Me rasqué la nuca, mirando mis zapatos desgastados, y añadí: —Está con dolores, pero bien al fin y al cabo.

Noté como Naomi posaba su brazo sobre mis hombros y chasqueaba la lengua.

—Si necesitas algo solo tienes que decírnoslo.

Ella era la única que sabía todo lo que me pasaba, los demás ignoraban que tuviese sobre mi espalda tantas deudas.

—Lo sé —suspiré—. Por cierto, ¿dónde se ha metido tu novio, Paula?

—Ha ido al baño. —Paula se pasó la mano por la cara—. Ayer debió comer algo en mal estado y ahora mismo estará cag…

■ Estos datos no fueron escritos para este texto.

(* Let $n\ge 1$, let $u=(u_1,\dots,u_n)$ be a 021-avoiding ascent sequence and let $P=\Phi(u)$ be the Dyck path of size $n$ defined in the context. Then: (1) the number of initial 0s of $u$ equals the length of the first descent of $P$; (2) the number of terminal 0s of $u$ equals the length of the last ascent of $P$ minus 1, where for the all-zero sequence the number of terminal 0s is interpreted as $n-1$; (3) the number of ascents of $u$ equals the number of valleys (occurrences of $DU$) of $P$; (4) the number of descents of $u$ equals the number of occurrences of three consecutive steps $DUU$ in $P$; (5) if $u$ has a nonzero entry, the number of entries immediately preceding the last nonzero entry of $u$ and equal to it (i.e., the length of the maximal run of consecutive entries equal to the last nonzero entry that ends just before it) equals the degree of elevation of $P$.
   Context: An ascent in a sequence of integers is a pair of consecutive entries with the first smaller than the second; a descent is a pair of consecutive entries with the first larger than the second. An ascent sequence of length $n$ is a sequence $(u_1,\dots,u_n)$ of nonnegative integers with $u_1=0$ and $u_i\le 1+(\text{number of ascents in }(u_1,\dots,u_{i-1}))$ for $2\le i\le n$. It is 021-avoiding if its nonzero entries are weakly increasing. The number of initial 0s is the length of the maximal initial run of zeros; the number of terminal 0s is the length of the maximal final run of zeros. A Dyck path of size $n$ is a sequence of $n$ upsteps $U=(1,1)$ and $n$ downsteps $D=(1,-1)$ starting at height 0 and never going below height 0. An ascent (resp. descent) of a path is a maximal run of consecutive $U$'s (resp. $D$'s); the first descent is the leftmost one, the last ascent the rightmost one, and the terminal descent the final descent. A peak vertex is the vertex between a $U$ and the immediately following $D$; a valley vertex is the vertex between a $D$ and the immediately following $U$. The degree of elevation of a path having at least one valley is the minimum height of its valley vertices. For an upstep $U_0$, its matching downstep is the last step of the shortest Dyck subpath beginning with $U_0$; $U_0$ is its matching upstep. A key downstep is a downstep on the terminal descent whose matching upstep is the middle letter of an occurrence of $DUU$. Key downsteps are ordered from left to right. The map $\Phi$: given $(u_1,\dots,u_n)$, start with $P=UD$. For $i=2,\dots,n$, with $a$ and $m$ the number of ascents and the maximum entry of $(u_1,\dots,u_{i-1})$: Case 1: if $u_i=0$, replace the last $UD$ of $P$ by $UUDD$. Case 2: if $u_i\neq0$ and $u_i=u_{i-1}$, replace $P$ by $UPD$. Case 3: if $u_i\neq 0$, $u_i\ne u_{i-1}$ and $u_i=a+1$, replace $P$ by $PUD$. Case 4: otherwise, $u_i$ lies in $A_i=(m,\dots,a)$ if $u_{i-1}=0$, or $A_i=(m+1,\dots,a)$ if $u_{i-1}>0$; let $j$ be the position of $u_i$ in $A_i$, $e$ the degree of elevation of $P$, and $D_j$ the $j$-th key downstep of $P$. Insert $UD$ at the top vertex of $D_j$, then delete $e$ upsteps from the start of the path and insert $e$ upsteps into the ascent containing the matching upstep of $D_j$. $\Phi(u)$ is the final path. *)

theory Defs
  imports Main
begin

section \<open>Sequences of integers (nat lists, 0-indexed)\<close>

definition asc_count :: "nat list \<Rightarrow> nat" where
  "asc_count xs = card {i. Suc i < length xs \<and> xs ! i < xs ! Suc i}"

definition desc_count :: "nat list \<Rightarrow> nat" where
  "desc_count xs = card {i. Suc i < length xs \<and> xs ! i > xs ! Suc i}"

definition ascent_seq :: "nat list \<Rightarrow> bool" where
  "ascent_seq u \<longleftrightarrow> u \<noteq> [] \<and> u ! 0 = 0 \<and>
     (\<forall>i. 1 \<le> i \<and> i < length u \<longrightarrow> u ! i \<le> 1 + asc_count (take i u))"

definition avoids_021 :: "nat list \<Rightarrow> bool" where
  "avoids_021 u \<longleftrightarrow> sorted (filter (\<lambda>x. x \<noteq> 0) u)"

definition initial_zeros :: "nat list \<Rightarrow> nat" where
  "initial_zeros u = length (takeWhile (\<lambda>x. x = 0) u)"

definition terminal_zeros :: "nat list \<Rightarrow> nat" where
  "terminal_zeros u = length (takeWhile (\<lambda>x. x = 0) (rev u))"

definition last_nonzero_idx :: "nat list \<Rightarrow> nat" where
  "last_nonzero_idx u = (GREATEST i. i < length u \<and> u ! i \<noteq> 0)"

definition run_before_last_nonzero :: "nat list \<Rightarrow> nat" where
  "run_before_last_nonzero u =
     (let j = last_nonzero_idx u in length (takeWhile (\<lambda>x. x = u ! j) (rev (take j u))))"

type_synonym path = "bool list"

abbreviation U :: bool where "U \<equiv> True"
abbreviation D :: bool where "D \<equiv> False"

definition dyck_path :: "path \<Rightarrow> bool" where
  "dyck_path P \<longleftrightarrow> count_list P U = count_list P D \<and>
     (\<forall>k \<le> length P. count_list (take k P) D \<le> count_list (take k P) U)"

text \<open>Height of vertex v (the vertex after the first v steps).\<close>
definition height :: "path \<Rightarrow> nat \<Rightarrow> int" where
  "height P v = int (count_list (take v P) U) - int (count_list (take v P) D)"

definition first_descent_len :: "path \<Rightarrow> nat" where
  "first_descent_len P = length (takeWhile (\<lambda>s. s = D) (dropWhile (\<lambda>s. s = U) P))"

definition last_ascent_len :: "path \<Rightarrow> nat" where
  "last_ascent_len P = length (takeWhile (\<lambda>s. s = U) (dropWhile (\<lambda>s. s = D) (rev P)))"

definition terminal_descent_len :: "path \<Rightarrow> nat" where
  "terminal_descent_len P = length (takeWhile (\<lambda>s. s = D) (rev P))"

definition valley_count :: "path \<Rightarrow> nat" where
  "valley_count P = card {i. Suc i < length P \<and> P ! i = D \<and> P ! Suc i = U}"

definition DUU_count :: "path \<Rightarrow> nat" where
  "DUU_count P = card {i. i + 2 < length P \<and> P ! i = D \<and> P ! (i+1) = U \<and> P ! (i+2) = U}"

definition valley_vertex :: "path \<Rightarrow> nat \<Rightarrow> bool" where
  "valley_vertex P v \<longleftrightarrow> 0 < v \<and> v < length P \<and> P ! (v - 1) = D \<and> P ! v = U"

text \<open>Degree of elevation: minimum height of valley vertices (meaningful when a valley exists).\<close>
definition elevation :: "path \<Rightarrow> int" where
  "elevation P = Min (height P ` {v. valley_vertex P v})"

text \<open>Matching downstep of the upstep at index k: last step of the shortest
  Dyck subpath starting with step k, i.e. first return to the level of vertex k.\<close>
definition match_down :: "path \<Rightarrow> nat \<Rightarrow> nat" where
  "match_down P k = (LEAST l. k < l \<and> l < length P \<and> height P (Suc l) = height P k)"

definition match_up :: "path \<Rightarrow> nat \<Rightarrow> nat" where
  "match_up P l = (THE k. k < length P \<and> P ! k = U \<and> match_down P k = l)"

definition key_down :: "path \<Rightarrow> nat \<Rightarrow> bool" where
  "key_down P l \<longleftrightarrow> l < length P \<and> length P - terminal_descent_len P \<le> l \<and>
     (\<exists>k. 0 < k \<and> Suc k < length P \<and> P ! k = U \<and> match_down P k = l \<and>
          P ! (k - 1) = D \<and> P ! Suc k = U)"

definition key_downs :: "path \<Rightarrow> nat list" where
  "key_downs P = filter (key_down P) [0..<length P]"

definition last_UD :: "path \<Rightarrow> nat" where
  "last_UD P = (GREATEST k. Suc k < length P \<and> P ! k = U \<and> P ! Suc k = D)"

text \<open>Step for the (0-indexed) entry i >= 1 of u (i.e. the paper's u_{i+1}).\<close>
definition phi_step :: "nat list \<Rightarrow> nat \<Rightarrow> path \<Rightarrow> path" where
  "phi_step u i P =
    (let x = u ! i; prev = u ! (i - 1); pre = take i u;
         a = asc_count pre; m = Max (set pre) in
     if x = 0 then
       (let k = last_UD P in take k P @ [U, U, D, D] @ drop (Suc (Suc k)) P)
     else if x = prev then U # P @ [D]
     else if x = a + 1 then P @ [U, D]
     else
       (let Ai = (if prev = 0 then [m..<Suc a] else [Suc m..<Suc a]);
            j = (THE j. j < length Ai \<and> Ai ! j = x);
            e = nat (elevation P);
            l = key_downs P ! j;
            k = match_up P l;
            Q = take l P @ [U, D] @ drop l P;
            R = drop e Q
        in take (k - e) R @ replicate e U @ drop (k - e) R))"

text \<open>Here j is the 0-based position, so key_downs P ! j is the paper's D_{j+1}
  with j+1 the 1-based position. The e upsteps are inserted immediately before
  the (shifted) matching upstep, i.e. into the ascent containing it.\<close>

definition Phi :: "nat list \<Rightarrow> path" where
  "Phi u = foldl (\<lambda>P i. phi_step u i P) [U, D] [1..<length u]"

end

theory Submission
  imports Defs
begin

—¡Vale, vale, vale! —exclamé, asqueada. No quería imaginar lo que estaba haciendo.

—¿Soy la única que se lo acaba de imaginar sentado en la taza y más rojo que un tomate de toda la fuerza que estará haciendo? —se carcajeó Naomi.

—¡Cállate! —exclamó Roberto haciendo una mueca de asco.

—Mirad, ahí viene. —Paula salió corriendo para abrazar a Pablo, su novio. Queríamos quedarnos un rato más hablando bajo la sombra de nuestro particular árbol, pero no pudimos.

La hora de entrar a clases había llegado. Naomi agarró mi brazo y corrió hacia nuestro pabellón de estudio para, según ella, coger un buen sitio. De nuevo, ahí estaban, esas filas de madera que me hacían parecer una hormiga en comparación con la gran altura de la clase. A pesar de lo dura, además de cara, que era la carrera, estudiar me distraía. Era entretenido aprender un nuevo idioma con canciones, libros u otras actividades de ese tipo. Por ejemplo, era gran fan del anime y el manga. Mi afán por el japonés venía de ahí.

Sin embargo, cuando estábamos ya sentadas en primera fila, mientras que la clase se llenaba, el profesor avanzó hacia donde estábamos.

—¿Es usted la señorita Lucía Rodríguez? —preguntó, mirando un listado.

—La misma, ¿pasa algo, profesor? —Su ceño estaba fruncido. Me alarmé cuando en sus ojos se reflejó un atisbo de tristeza.

—El decano quiere verla, por favor, vaya a su despacho de inmediato.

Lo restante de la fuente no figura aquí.